======== Input records

(* Let $E$ be a finite set and $\mathscr C$ a collection of nonempty, pairwise incomparable (under inclusion) subsets of $E$. Then $\mathscr C$ is the set of circuits of a matroid on $E$ if and only if $\mathscr C$ satisfies the following axiom (C3)$''$: whenever $C_1,C_2\in\mathscr C$ with $e_1\in C_1-C_2$, $e_2\in C_2-C_1$, $e\in C_1\cap C_2$, and $(C_1-e_1)\cup(C_2-e_2)$ contains no member of $\mathscr C$, there is $C_3\in\mathscr C$ with $\{e_1,e_2\}\subseteq C_3\subseteq (C_1\cup C_2)-e$. *)

theory Defs
  imports Main
begin

definition matroid :: "'a set \<Rightarrow> 'a set set \<Rightarrow> bool" where
  "matroid E \<I> \<longleftrightarrow>
     finite E \<and>
     (\<forall>X\<in>\<I>. X \<subseteq> E) \<and>
     {} \<in> \<I> \<and>
     (\<forall>X Y. X \<in> \<I> \<longrightarrow> Y \<subseteq> X \<longrightarrow> Y \<in> \<I>) \<and>
     (\<forall>X Y. X \<in> \<I> \<longrightarrow> Y \<in> \<I> \<longrightarrow> card X < card Y \<longrightarrow>
        (\<exists>e \<in> Y - X. insert e X \<in> \<I>))"

definition circuits :: "'a set \<Rightarrow> 'a set set \<Rightarrow> 'a set set" where
  "circuits E \<I> = {C. C \<subseteq> E \<and> C \<notin> \<I> \<and> (\<forall>D. D \<subset> C \<longrightarrow> D \<in> \<I>)}"

definition C3pp :: "'a set set \<Rightarrow> bool" where
  "C3pp \<C> \<longleftrightarrow>
    (\<forall>C1\<in>\<C>. \<forall>C2\<in>\<C>. \<forall>e1 e2 e.
       e1 \<in> C1 - C2 \<longrightarrow> e2 \<in> C2 - C1 \<longrightarrow> e \<in> C1 \<inter> C2 \<longrightarrow>
       \<not> (\<exists>C\<in>\<C>. C \<subseteq> (C1 - {e1}) \<union> (C2 - {e2})) \<longrightarrow>
       (\<exists>C3\<in>\<C>. {e1, e2} \<subseteq> C3 \<and> C3 \<subseteq> (C1 \<union> C2) - {e}))"

end

theory Submission
  imports Defs
begin

text \<open>Both directions rest on the fact that adding one element to an independent set creates
  at most one circuit. In a matroid this follows from augmentation. Given circuits as in
  (C3)'', the set \<open>X = (C1 - e1) \<union> (C2 - e2)\<close> is independent and \<open>(C1 \<union> C2) - e\<close> is one
  element larger, hence dependent; a circuit \<open>C3\<close> inside it contains \<open>e1\<close>, since otherwise
  \<open>C3\<close> and \<open>C2\<close> would be two different circuits in \<open>insert e2 X\<close>, and likewise \<open>e2\<close>.
  Conversely, (C3)'' implies ordinary circuit elimination by induction on \<open>card (C1 \<union> C2)\<close>;
  elimination gives the uniqueness of the circuit in \<open>insert e X\<close>, and that drives an exchange
  argument proving augmentation for the circuit-free subsets of \<open>E\<close>.\<close>

context
  fixes E :: "'a set" and I :: "'a set set"
  assumes matroid: "matroid E I"
begin

lemma indep_subset_ground: "X \<in> I \<Longrightarrow> X \<subseteq> E"
  using matroid unfolding matroid_def by simp

lemma finite_subset_ground: "X \<subseteq> E \<Longrightarrow> finite X"
  using matroid unfolding matroid_def by (auto intro: finite_subset)

lemma indep_subset: "X \<in> I \<Longrightarrow> Y \<subseteq> X \<Longrightarrow> Y \<in> I"
  using matroid unfolding matroid_def by simp

lemma indep_augment: "X \<in> I \<Longrightarrow> Y \<in> I \<Longrightarrow> card X < card Y \<Longrightarrow> \<exists>e\<in>Y - X. insert e X \<in> I"
  using matroid unfolding matroid_def by simp

lemma dependent_contains_circuit:
  assumes "D \<subseteq> E" and "D \<notin> I"
  shows "\<exists>C\<in>circuits E I. C \<subseteq> D"
proof -
  let ?dep = "{D'. D' \<subseteq> D \<and> D' \<notin> I}"
  have "finite ?dep"
    using finite_subset_ground[OF assms(1)] by simp
  then obtain C where C: "C \<in> ?dep" and minimal: "\<forall>D'\<in>?dep. D' \<subseteq> C \<longrightarrow> C = D'"
    using finite_has_minimal2[of ?dep D] assms(2) by auto
  have "D' \<in> I" if "D' \<subset> C" for D'
    using minimal C that by blast
  then have "C \<in> circuits E I"
    unfolding circuits_def using C assms(1) by blast
  with C show ?thesis by blast
qed

lemma ex_maximal_indep_superset:
  assumes "finite S" and "B \<in> I" and "B \<subseteq> S"
  obtains J where "J \<in> I" "B \<subseteq> J" "J \<subseteq> S" "\<forall>x\<in>S - J. insert x J \<notin> I"
proof -
  let ?ext = "{J. J \<in> I \<and> B \<subseteq> J \<and> J \<subseteq> S}"
  have "finite ?ext"
    by (rule finite_subset[of _ "Pow S"]) (use assms(1) in auto)
  then obtain J where J: "J \<in> ?ext" and maximal: "\<forall>K\<in>?ext. J \<subseteq> K \<longrightarrow> J = K"
    using finite_has_maximal2[of ?ext B] assms(2,3) by auto
  have "insert x J \<notin> I" if "x \<in> S - J" for x
    using maximal J that by blast
  with J that show ?thesis by blast
qed

lemma maximal_indep_card_ge:
  assumes "J \<in> I" and "\<forall>x\<in>S - J. insert x J \<notin> I" and "K \<in> I" and "K \<subseteq> S"
  shows "card K \<le> card J"
proof (rule ccontr)
  assume "\<not> card K \<le> card J"
  then obtain x where "x \<in> K - J" "insert x J \<in> I"
    using indep_augment[OF assms(1,3)] by auto
  with assms(2,4) show False by blast
qed

text \<open>A maximal independent subset of \<open>insert a X - {e}\<close> through
  \<open>C - {e}\<close> is also maximal in \<open>insert a X\<close>, so it is as large as \<open>X\<close>; but it misses a point
  of \<open>C'\<close>, so it is smaller than \<open>insert a X - {e}\<close>.\<close>
lemma circuit_unique_in_insert:
  assumes X: "X \<in> I" and C: "C \<in> circuits E I" and C': "C' \<in> circuits E I"
    and "C \<subseteq> insert a X" and "C' \<subseteq> insert a X"
  shows "C = C'"
proof (rule ccontr)
  assume "C \<noteq> C'"
  moreover have "\<not> C \<subset> C'" using C C' unfolding circuits_def by blast
  ultimately obtain e where e: "e \<in> C" "e \<notin> C'" by blast
  define S where "S = insert a X - {e}"
  have fin: "finite (insert a X)"
    using finite_subset_ground[OF indep_subset_ground[OF X]] by simp
  have "C - {e} \<in> I" "C - {e} \<subseteq> S"
    using C e \<open>C \<subseteq> insert a X\<close> unfolding circuits_def S_def by blast+
  then obtain J where J: "J \<in> I" "C - {e} \<subseteq> J" "J \<subseteq> S" and max_S: "\<forall>x\<in>S - J. insert x J \<notin> I"
    using ex_maximal_indep_superset[of S] fin unfolding S_def by blast
  have "insert e J \<notin> I"
    using indep_subset[of "insert e J" C] J(2) C unfolding circuits_def by blast
  then have "\<forall>x\<in>insert a X - J. insert x J \<notin> I"
    using max_S unfolding S_def by blast
  then have "card X \<le> card J"
    using maximal_indep_card_ge[OF J(1) _ X] by blast
  moreover have "C' \<subseteq> S" using e \<open>C' \<subseteq> insert a X\<close> unfolding S_def by blast
  then have "J \<noteq> S"
    using indep_subset[of J C'] J(1) C' unfolding circuits_def by blast
  then have "card J < card S"
    using J(3) fin by (simp add: S_def psubset_card_mono)
  moreover have "card S = card (insert a X) - 1"
    using e \<open>C \<subseteq> insert a X\<close> unfolding S_def by (intro card_Diff_singleton) blast
  moreover have "card (insert a X) \<le> Suc (card X)"
    using fin by (simp add: card_insert_if)
  ultimately show False by linarith
qed

lemma C3pp_circuits: "C3pp (circuits E I)"
  unfolding C3pp_def
proof (intro ballI allI impI)
  fix C1 C2 e1 e2 e
  assume C1: "C1 \<in> circuits E I" and C2: "C2 \<in> circuits E I"
    and e1: "e1 \<in> C1 - C2" and e2: "e2 \<in> C2 - C1" and e: "e \<in> C1 \<inter> C2"
    and no_circuit: "\<not> (\<exists>C\<in>circuits E I. C \<subseteq> C1 - {e1} \<union> (C2 - {e2}))"
  define X where "X = C1 - {e1} \<union> (C2 - {e2})"
  define Y where "Y = C1 \<union> C2 - {e}"
  have C1_E: "C1 \<subseteq> E" and C1_dep: "C1 \<notin> I" and C2_E: "C2 \<subseteq> E" and C2_dep: "C2 \<notin> I"
    using C1 C2 unfolding circuits_def by blast+
  have XE: "X \<subseteq> E" and YE: "Y \<subseteq> E"
    using C1_E C2_E unfolding X_def Y_def by blast+
  have XI: "X \<in> I"
    using dependent_contains_circuit[OF XE] no_circuit unfolding X_def by blast
  have "C1 \<union> C2 = insert e1 (insert e2 X)" "e1 \<notin> X" "e2 \<notin> X" "e1 \<noteq> e2"
    using e1 e2 unfolding X_def by blast+
  then have "card (C1 \<union> C2) = Suc (Suc (card X))"
    using finite_subset_ground[OF XE] by simp
  moreover have "C1 \<union> C2 = insert e Y" "e \<notin> Y"
    using e unfolding Y_def by blast+
  then have "card (C1 \<union> C2) = Suc (card Y)"
    using finite_subset_ground[OF YE] by simp
  ultimately have "card X < card Y" by simp
  have C1X: "C1 \<subseteq> insert e1 X" and C2X: "C2 \<subseteq> insert e2 X"
    unfolding X_def by blast+
  have "Y \<notin> I"
  proof
    assume "Y \<in> I"
    then obtain y where y: "y \<in> Y - X" "insert y X \<in> I"
      using indep_augment[OF XI _ \<open>card X < card Y\<close>] by blast
    then have "y = e1 \<or> y = e2" unfolding X_def Y_def by blast
    then show False
      using indep_subset[OF y(2)] C1X C2X C1_dep C2_dep by blast
  qed
  then obtain C3 where C3: "C3 \<in> circuits E I" "C3 \<subseteq> Y"
    using dependent_contains_circuit[OF YE] by blast
  have Y_sub: "Y \<subseteq> insert e1 (insert e2 X)" unfolding X_def Y_def by blast
  have "e1 \<in> C3"
  proof (rule ccontr)
    assume "e1 \<notin> C3"
    then have "C2 = C3"
      using circuit_unique_in_insert[OF XI C2 C3(1) C2X] C3(2) Y_sub by blast
    then show False using C3(2) e unfolding Y_def by blast
  qed
  moreover have "e2 \<in> C3"
  proof (rule ccontr)
    assume "e2 \<notin> C3"
    then have "C1 = C3"
      using circuit_unique_in_insert[OF XI C1 C3(1) C1X] C3(2) Y_sub by blast
    then show False using C3(2) e unfolding Y_def by blast
  qed
  ultimately show "\<exists>C3\<in>circuits E I. {e1, e2} \<subseteq> C3 \<and> C3 \<subseteq> C1 \<union> C2 - {e}"
    using C3 unfolding Y_def by blast
qed

end

definition circuit_elim :: "'a set set \<Rightarrow> bool" where
  "circuit_elim \<C> \<longleftrightarrow>
    (\<forall>C1\<in>\<C>. \<forall>C2\<in>\<C>. \<forall>e. C1 \<noteq> C2 \<longrightarrow> e \<in> C1 \<inter> C2 \<longrightarrow> (\<exists>C\<in>\<C>. C \<subseteq> C1 \<union> C2 - {e}))"

definition indep_of :: "'a set \<Rightarrow> 'a set set \<Rightarrow> 'a set set" where
  "indep_of E \<C> = {X. X \<subseteq> E \<and> (\<forall>C\<in>\<C>. \<not> C \<subseteq> X)}"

================

[Task objective] Your task is to list each line of the records with the word "that".

[Written solution]
text \<open>Both directions rest on the fact that adding one element to an independent set creates
  elimination gives the uniqueness of the circuit in \<open>insert e X\<close>, and that drives an exchange
    using minimal C that by blast
    using maximal J that by blast
  with J that show ?thesis by blast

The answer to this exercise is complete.